La troisième guerre mondiale opposant le bloc Paris-Moscou-Pékin à la coalition Indo-arabo-américaine a mis la Terre à feu et à sang, rendant stériles des territoires jadis fertiles et empoisonnant les réserves d'eau en même temps que l'esprit des hommes. C'est glauque ? Oui. Bienvenue dans l'univers des Derniers Hommes...
Les derniers hommes est un livre d'anticipation post-apocalyptique de Pierre Bordage. Du haut de ses 670 pages, l'ouvrage nous décrit un univers noir et désespéré où la moindre lueur d'espoir peut se transformer en un piège mortel.

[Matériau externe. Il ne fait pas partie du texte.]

definition torus_continuous :: "(real ^ 'd \<Rightarrow> real) \<Rightarrow> bool" where
  "torus_continuous \<rho> \<longleftrightarrow>
     (\<exists>f. continuous_on UNIV f \<and> (\<forall>x i. f (x + axis i 1) = f x) \<and> (\<forall>x\<in>torus. \<rho> x = f x))"

definition measure_preserving_bij :: "(real ^ 'd \<Rightarrow> real ^ 'd) \<Rightarrow> bool" where
  "measure_preserving_bij \<Psi> \<longleftrightarrow>
     bij_betw \<Psi> torus torus \<and>
     (\<forall>D \<in> sets (torus_measure :: (real ^ 'd) measure).
        \<Psi> -` D \<inter> torus \<in> sets torus_measure \<and>
        measure torus_measure (\<Psi> -` D \<inter> torus) = measure torus_measure D)"

definition L2_torus :: "(real ^ 'd \<Rightarrow> real) \<Rightarrow> bool" where
  "L2_torus g \<longleftrightarrow> g \<in> borel_measurable (torus_measure :: (real ^ 'd) measure)
                   \<and> integrable torus_measure (\<lambda>x. (g x)^2)"

definition weak_L2_conv :: "(nat \<Rightarrow> real ^ 'd \<Rightarrow> real) \<Rightarrow> (real ^ 'd \<Rightarrow> real) \<Rightarrow> bool" where
  "weak_L2_conv f l \<longleftrightarrow>
     (\<forall>k. L2_torus (f k)) \<and> L2_torus l \<and>
     (\<forall>g. L2_torus g \<longrightarrow>
        (\<lambda>k. \<integral>x. f k x * g x \<partial>torus_measure) \<longlonglongrightarrow> (\<integral>x. l x * g x \<partial>torus_measure))"

definition young_pair :: "(real ^ 'd \<Rightarrow> (real ^ 'd) measure) \<Rightarrow> (real ^ 'd \<Rightarrow> real) \<Rightarrow> real ^ 'd \<Rightarrow> real" where
  "young_pair \<nu> \<rho> x = (\<integral>y. \<rho> y \<partial>(\<nu> x))"

end

theory Submission
  imports Defs
begin

(*
  Call rho Young-convergent if rho o Psi_(j_k) converges weakly in L^2 to <nu, rho>. These
  functions include the continuous periodic ones, form a vector space, and are closed under
  uniformly bounded pointwise convergence on the torus. For the last point, measure preservation gives
  ||(rho_n - rho) o Psi||_2 = ||rho_n - rho||_2 for every Psi, so rho_n o Psi_(j_k) tends to
  rho o Psi_(j_k) in L^2 uniformly in k, while <nu^x, rho_n> tends to <nu^x, rho> by dominated
  convergence for each probability measure nu^x; hence the two limits can be exchanged.
  Indicators of sets {phi > 0} with phi continuous and periodic are increasing limits of
  min 1 (n * max 0 phi). These sets are closed under intersection and generate the Borel sets
  of the torus, because a coordinate x_i is a Borel function of cos (2 pi x_i) and
  sin (2 pi x_i). Dynkin's pi-lambda theorem then gives all Borel indicators, and monotone
  approximation by simple functions all bounded Borel functions.
*)

lemma abs_mult_le_AM_GM:
  fixes a b t :: real
  assumes "t > 0"
  shows "\<bar>a * b\<bar> \<le> t * a\<^sup>2 + b\<^sup>2 / (4 * t)"
proof -
  have "4 * t * \<bar>a * b\<bar> = 2 * (2 * t * \<bar>a\<bar>) * \<bar>b\<bar>"
    by (simp add: abs_mult)
  also have "\<dots> \<le> (2 * t * \<bar>a\<bar>)\<^sup>2 + \<bar>b\<bar>\<^sup>2"
    by (rule sum_squares_bound)
  also have "\<dots> = 4 * t * (t * a\<^sup>2 + b\<^sup>2 / (4 * t))"
    using assms by (simp add: power2_eq_square field_simps)
  finally show ?thesis using assms by simp
qed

Pierre Bordage est un auteur français à la prose prolifique (plus de 36 livres à son actif) ayant reçu de nombreux prix, dont le Prix Cosmos 2000, et le Prix Paul Féval décerné par la Société des Gens de Lettres. Connu pour ses cycles composés de deux à cinq tomes, il ne cache pas l'influence qu'ont les écrits religieux sur ses propres livres et décrit avec plus ou moins de brio et d'espoir l'avenir du monde des hommes à travers ses pages...
A la fin de la Troisième Guerre Mondiale, la Terre n'est plus qu'un immense désert stérile sur lequel une poignée d'hommes, devenus nomades par nécessité, tentent vainement de survivre en attendant un Eden qui ne viendra jamais. Solman le Boîteux fait partie de la tribu des Aquariotes qui détient les codes secrets permettant l'accès aux dernières réserves d'eau potable de la planète. Mais surtout, Solman est un Donneur, un Clairvoyant, il a le pouvoir de déceler la vérité et le mensonge dans les propos des personnes qu'il rencontre. Ce pouvoir lui donne de grandes responsabilités, et l'entraînera à traverser l'Europe à la tête de son peuple en quête d'un échappatoire à l'extermination minutieuse des derniers hommes...
Aaahhh... enfin du post-apocalyptique ! Ce genre, adulé sur nos écrans d'ordinateur, n'est finalement pas très présent dans la littérature, et nous sommes bien heureux de le retrouver ici. Les derniers hommes est un roman de science-fiction bien écrit, avec un scénario à la limite entre la science et le mysticisme qui plaira aux aficionados de complots religieux et de mystères divins. Toutefois, comme souvent chez Bordage, on regrettera que la trame soit organisée de manière très redondante et que l'histoire s'éternise un peu plus qu'elle n'aurait du. Bref, c'est un livre de 670 pages qui aurait gagné à n'en faire que 500. Une erreur et des longueurs qui l'éloignent de l'excellence tout en le gardant à un niveau acceptable.